Network access settings can forward incoming packets to "public" servers on the LAN behind the firewall. For example, HTTP sent to the firewall's WAN IP can be relayed to one web server on the LAN. To expose a group of servers, 1-to-1 NAT can map a block of public WAN IPs to a block of private LAN IPs (example right). You may prefer to put servers on the PRO-VX DMZ, but there's a catch—DMZ IPs must be valid on the WAN (they cannot be NAT'ed). This restriction can eat into your public IP block and complicate WAN-side routing. (Like many firewalls, the SonicWALL does not support dynamic routing.)

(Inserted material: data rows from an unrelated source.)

lemma spectral_radius_le_geomean:
  fixes A :: "complex mat" and B C :: "real mat"
  assumes n: "n > 0" and A: "A \<in> carrier_mat n n" and B: "B \<in> carrier_mat n n"
    and C: "C \<in> carrier_mat n n" and dom: "geomean_dominated n A B C"
  shows "spectral_radius A \<le>
           sqrt (spectral_radius (map_mat complex_of_real B)) *
           sqrt (spectral_radius (map_mat complex_of_real C))"
proof -
  let ?\<rho>B = "spectral_radius (map_mat complex_of_real B)"
  let ?\<rho>C = "spectral_radius (map_mat complex_of_real C)"
  have \<rho>B: "?\<rho>B \<ge> 0" and \<rho>C: "?\<rho>C \<ge> 0"
    using B C n by (auto intro: spectral_radius_nonneg)
  have shifted: "spectral_radius A \<le> sqrt (?\<rho>B + d) * sqrt (?\<rho>C + d)" if d: "d > 0" for d
  proof -
    obtain cB where cB: "\<And>k. norm_bound (B ^\<^sub>m k) (cB * (?\<rho>B + d) ^ k)"
      using spectral_radius_of_real_less_imp_power_bound[OF B n, of "?\<rho>B + d"] d by auto
    obtain cC where cC: "\<And>k. norm_bound (C ^\<^sub>m k) (cC * (?\<rho>C + d) ^ k)"
      using spectral_radius_of_real_less_imp_power_bound[OF C n, of "?\<rho>C + d"] d by auto
    have "norm_bound (A ^\<^sub>m k) (sqrt (cB * cC) * (sqrt (?\<rho>B + d) * sqrt (?\<rho>C + d)) ^ k)" for k
      unfolding norm_bound_pow_iff[OF A]
    proof (intro allI impI)
      fix i j assume ij: "i < n" "j < n"
      have dom_k: "0 \<le> (B ^\<^sub>m k) $$ (i, j)" "0 \<le> (C ^\<^sub>m k) $$ (i, j)"
        "norm ((A ^\<^sub>m k) $$ (i, j)) \<le> sqrt ((B ^\<^sub>m k) $$ (i, j)) * sqrt ((C ^\<^sub>m k) $$ (i, j))"
        using geomean_dominatedD[OF geomean_dominated_pow[OF A B C dom] ij] by auto
      have "(B ^\<^sub>m k) $$ (i, j) \<le> cB * (?\<rho>B + d) ^ k" "(C ^\<^sub>m k) $$ (i, j) \<le> cC * (?\<rho>C + d) ^ k"
        using norm_bound_pow_entry[OF B cB ij] norm_bound_pow_entry[OF C cC ij] by (auto simp: abs_le_iff)
      with dom_k have "sqrt ((B ^\<^sub>m k) $$ (i, j)) * sqrt ((C ^\<^sub>m k) $$ (i, j)) \<le>
                   sqrt (cB * (?\<rho>B + d) ^ k) * sqrt (cC * (?\<rho>C + d) ^ k)"
        by (intro mult_mono real_sqrt_le_mono) auto
      with dom_k(3) have "norm ((A ^\<^sub>m k) $$ (i, j)) \<le> sqrt (cB * (?\<rho>B + d) ^ k) * sqrt (cC * (?\<rho>C + d) ^ k)"
        by linarith
      then show "norm ((A ^\<^sub>m k) $$ (i, j)) \<le> sqrt (cB * cC) * (sqrt (?\<rho>B + d) * sqrt (?\<rho>C + d)) ^ k"
        by (simp add: real_sqrt_mult real_sqrt_power power_mult_distrib mult_ac)
    qed
    then show ?thesis
      using \<rho>B \<rho>C d by (intro spectral_radius_le_if_power_bound[OF A n]) auto
  qed
  have "((\<lambda>d. sqrt (?\<rho>B + d) * sqrt (?\<rho>C + d)) \<longlongrightarrow> sqrt ?\<rho>B * sqrt ?\<rho>C) (at_right 0)"
    by (auto intro!: tendsto_eq_intros)
  moreover have "\<forall>\<^sub>F d in at_right 0. spectral_radius A \<le> sqrt (?\<rho>B + d) * sqrt (?\<rho>C + d)"
    using eventually_at_right_less[of 0] by (rule eventually_mono) (rule shifted)
  ultimately show ?thesis by (rule tendsto_lowerbound) simp
qed

lemma det_one_minus_nonzero:
  assumes M: "M \<in> carrier_mat n n" and \<rho>: "spectral_radius M < 1"
  shows "Determinant.det (1\<^sub>m n - M) \<noteq> 0"
proof
  assume "Determinant.det (1\<^sub>m n - M) = 0"
  moreover have "char_matrix M 1 = - (1\<^sub>m n - M)"
    using M unfolding char_matrix_def by (intro eq_matI) auto
  moreover have "1\<^sub>m n - M \<in> carrier_mat n n" using M by (rule minus_carrier_mat)
  ultimately have ev: "eigenvalue M 1"
    using M by (simp add: eigenvalue_det det_0_negate)
  then have "norm (1::complex) \<in> norm ` spectrum M" unfolding spectrum_def by blast
  then have "norm (1::complex) \<le> spectral_radius M"
    using spectral_radius_mem_max(2)[OF M eigenvalue_imp_nonzero_dim[OF M ev]] by blast
  with \<rho> show False by simp
qed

Other handy firewall features include an option to relay NetBIOS broadcasts to the DMZ or WAN, a "stealth mode" that makes the firewall non-pingable, and the ability to relay (proxy) outbound HTTP to a web cache.

SonicWALLs firewall with or without NAT (actually NAPT). When NAT is enabled, the firewall's WAN IP can be assigned by a PPPoE or DHCP server. This is useful for teleworkers without static IPs, but not that VPN gateways with dynamic IPs are limited to IKE Aggressive Mode (See Site-to-Site VPN below). Like many firewalls, the SonicWALL can serve DHCP to hosts on the LAN (example left). This DHCP server can bind IPs to MAC addresses, preventing rogue LAN use. However, it cannot assign VPN Client IPs or proxy DHCP across the VPN.

(Back to Top)

Site-to-Site VPN Setup
VPN setup on a SonicWALL is simpler—and less flexible—than many other products. SonicWALL supports standard IPsec in tunnel mode, including ESP and AH with mandatory HMAC (MD5, SHA1) and encryption (null, DES, 3DES) algorithms. A single pull-down menu lists all legal permutations, plus ESP ArcFour and "CheckPoint interoperability" alternatives (example below).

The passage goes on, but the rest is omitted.